Não há qualquer traço de afetação em Claude Troisgros. Um dos mais renomados e inventivos chefs em atividade no país, recebeu a reportagem da NeoFeed em meio ao corre-corre de mais de um dia trabalho. Suado, de camiseta polo desbotada e calça jeans, o francês atravessou o saguão do restaurante Le Blond, inaugurado no ano passado, no Leblon, trazendo debaixo do braço uma tampa de uma pizza e um saco de biscoito polvilho.

Logo se soube do que se tratava. Ele havia, enfim, achado a tampa ideal para distribuir as suas pizzas, as mais originais do país - e que compõem o cardápio do CT Brasserie, no shopping Village Mall, na Barra. Quem mais teria a audácia de entregar pizzas nos sabores Vatapá, Escondidinho e Spaghetti à Bolonhesa?

A pizza, aliás, não é a primeira das instituições sagradas subvertidas por Claude. Ele também quer fazer frente a um dos patrimônios do Rio de Janeiro: o biscoito Globo. Para isso, fechou parceria com uma marca mineira, a Nazinha, fundada nos anos 1980 e que abastece a região metropolitana de Belo Horizonte com um dos melhores biscoitos de polvilho da região. A fábrica, com capacidade de produzir 300 toneladas de biscoito por mês, vai receber ainda mais investimentos.

Biscoito Globo: uma instituição carioca

Tudo para atender os planos de Claude, que são mais ambiciosos. Foram dois anos desenvolvendo essa linha de produtos em cima do biscoito, que ele não pretende levar apenas às praias do Rio para fazer frente ao concorrente centenário. O francês quer seu biscoito circulando por todo o litoral brasileiro e nas praças urbanas, vendidos em redes de supermercados, pequenos armazéns e onde for possível.

Se for levado em conta os sabores de biscoito desenvolvidos por Claude - Ervas de Provence, Hot Curry, Chocolate, Queijo Pecorino Romano e Original com Sal Marinho -, o mercado é, de fato, muito amplo. “É curioso que muita gente coma polvilho sem saber, seja na tapioca, no pão de queijo ou mesmo no sagu. Então pensei em dar mais alegria para o biscoito acrescentando ingredientes que fazem parte do meu dia a dia”, diz Claude.

Os pacotes de 50 gramas serão vendidos por R$ 5 a unidade. Por não conter glúten, Claude está de olho no imenso mercado de salgadinhos, consumido por milhões de crianças e considerado pelos pais os vilões da boa alimentação. Como a história do polvilho tem início na plantação e extração de mandioca, o mais brasileiro dos alimentos - e riquíssimo em fibras -, Claude está alinhado com sua tradição como chef de cozinha, de sempre valorizar produtos nacionais sem se descuidar da qualidade.

Expansão

Na contramão da crise, que afetou sobretudo o Rio de Janeiro, onde mora desde 1979, Claude não para de empreender. Ele reconhece as dificuldades, mas segue otimista. “Estamos no buraco, não me lembro de uma fase tão ruim, mas, por outro lado, tenho certeza de que a crise, como tudo na vida, vai passar. E quero estar pronto para quando as coisas começarem melhorar”, diz.

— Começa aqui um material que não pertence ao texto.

lemma lift_image_MautF:
  "lift ` MautF sc mul (Rspan sc e) = {\<phi> \<in> MautF fsmult fmult freeF. \<phi> ` {f. eta f = 0} = {f. eta f = 0}}"
proof
  show "lift ` MautF sc mul (Rspan sc e) \<subseteq> {\<phi> \<in> MautF fsmult fmult freeF. \<phi> ` {f. eta f = 0} = {f. eta f = 0}}"
    using lift_in_MautF lift_kernel by (intro image_subsetI CollectI conjI)
  show "{\<phi> \<in> MautF fsmult fmult freeF. \<phi> ` {f. eta f = 0} = {f. eta f = 0}} \<subseteq> lift ` MautF sc mul (Rspan sc e)"
    using lift_image_MautF_if_kernel by (intro subsetI) simp
qed

end

theorem proposition2:
  fixes sc :: "'r::comm_ring_1 \<Rightarrow> 'a::ab_group_add \<Rightarrow> 'a"
    and mul :: "'m \<Rightarrow> 'a \<Rightarrow> 'a \<Rightarrow> 'a"
    and e :: "'x \<Rightarrow> 'a"
  assumes alg: "Malg sc mul"
    and indep: "Rindep sc e"
    and gen: "Mgenerated sc mul (Rspan sc e) = UNIV"
  shows "(\<forall>\<theta>\<in>MautF sc mul (Rspan sc e).
            tilde sc e \<theta> \<in> MautF fsmult fmult (freeF :: ('x, 'm, 'r) freealg set))
       \<and> (\<forall>\<theta>\<in>MautF sc mul (Rspan sc e). \<forall>\<theta>'\<in>MautF sc mul (Rspan sc e).
            (tilde sc e (\<theta> \<circ> \<theta>') :: ('x, 'm, 'r) freealg \<Rightarrow> _) = tilde sc e \<theta> \<circ> tilde sc e \<theta>')
       \<and> inj_on (tilde sc e :: _ \<Rightarrow> ('x, 'm, 'r) freealg \<Rightarrow> _) (MautF sc mul (Rspan sc e))
       \<and> (\<exists>!\<eta> :: ('x, 'm, 'r) freealg \<Rightarrow> 'a.
            Mhom fsmult fmult sc mul \<eta> \<and> surj \<eta> \<and> (\<forall>x. \<eta> (fgen x) = e x))
       \<and> (\<forall>\<eta> :: ('x, 'm, 'r) freealg \<Rightarrow> 'a.
            Mhom fsmult fmult sc mul \<eta> \<and> surj \<eta> \<and> (\<forall>x. \<eta> (fgen x) = e x) \<longrightarrow>
            tilde sc e ` MautF sc mul (Rspan sc e)
              = {\<phi> \<in> MautF fsmult fmult freeF. \<phi> ` {f. \<eta> f = 0} = {f. \<eta> f = 0}})"
proof -
  interpret free_presentation sc mul e
    by (simp add: free_presentation_def free_presentation_axioms_def Malgebra_def alg indep gen)
  have eta: "Mhom fsmult fmult sc mul eta \<and> surj eta \<and> (\<forall>x. eta (fgen x) = e x)"
    by (simp add: Mhom_eta surj_eta eta_fgen)
  show ?thesis
  proof (intro conjI ballI allI impI)
    show "lift \<theta> \<in> MautF fsmult fmult freeF" if "\<theta> \<in> MautF sc mul (Rspan sc e)" for \<theta>
      using that by (rule lift_in_MautF)
    show "lift (\<theta> \<circ> \<theta>') = lift \<theta> \<circ> lift \<theta>'"
      if "\<theta> \<in> MautF sc mul (Rspan sc e)" "\<theta>' \<in> MautF sc mul (Rspan sc e)" for \<theta> \<theta>'
      using that by (intro lift_comp MautF_Rspan_gens) (simp_all add: MautF_def Maut_def)
    show "inj_on lift (MautF sc mul (Rspan sc e))"
      by (rule inj_on_lift)
    show "\<exists>!\<eta>. Mhom fsmult fmult sc mul \<eta> \<and> surj \<eta> \<and> (\<forall>x. \<eta> (fgen x) = e x)"
      using eta eta_unique by blast
    show "lift ` MautF sc mul (Rspan sc e)
        = {\<phi> \<in> MautF fsmult fmult freeF. \<phi> ` {f. \<eta> f = 0} = {f. \<eta> f = 0}}"
      if "Mhom fsmult fmult sc mul \<eta> \<and> surj \<eta> \<and> (\<forall>x. \<eta> (fgen x) = e x)" for \<eta>
      using that eta_unique lift_image_MautF by auto
  qed
qed

end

Os seus dramas são outros. Há anos, ele tenta resistir a cada vez mais inevitável expansão de seus negócios. Já transformado num carioca da gema, Claude sempre recusou convites para comandar filiais fora da cidade. Abriu apenas uma exceção, ao aceitar ser sócio do também chef Emmanuel Bassoleil no restaurante Roanne, em São Paulo. A experiência se mostrou traumática. Além de sofrer com a política econômica do governo Fernando Collor, Claude teve de abdicar, por causa da ponte área, do maior de seus prazeres: viajar de moto pelo Brasil.

As aventuras de Claude estão ameaçadas desde que os seus dois filhos, Thomas e Carolina, começaram a estudar a hipótese de levar os restaurantes do grupo para as principais capitais do país. São pelo menos dois convites por semana para abrir estabelecimentos em outras praças. Thomas comanda com mãos de ferro o Olympe, fundado há mais de trinta anos pelo pai, que, sob o comando do primogênito, ganhou uma estrela no Guia Michelin. Carolina cuida há muitos anos da parte administrativa dos restaurantes.

Perguntado se, desta vez, vai ceder à pressão e começar, enfim, o processo de expansão de seus restaurantes, Claude coça a cabeça. “Eu sempre resisti muito a essa ideia, porque no fim sabia que, mesmo com os filhos tomando conta, iria sobrar para mim”, diz Claude. “Mas agora é diferente. Estou ficando velho e, mesmo se eles resolverem me ligar de São Paulo, não vou conseguir atender. Não tem sinal em Catimbau (PE)”.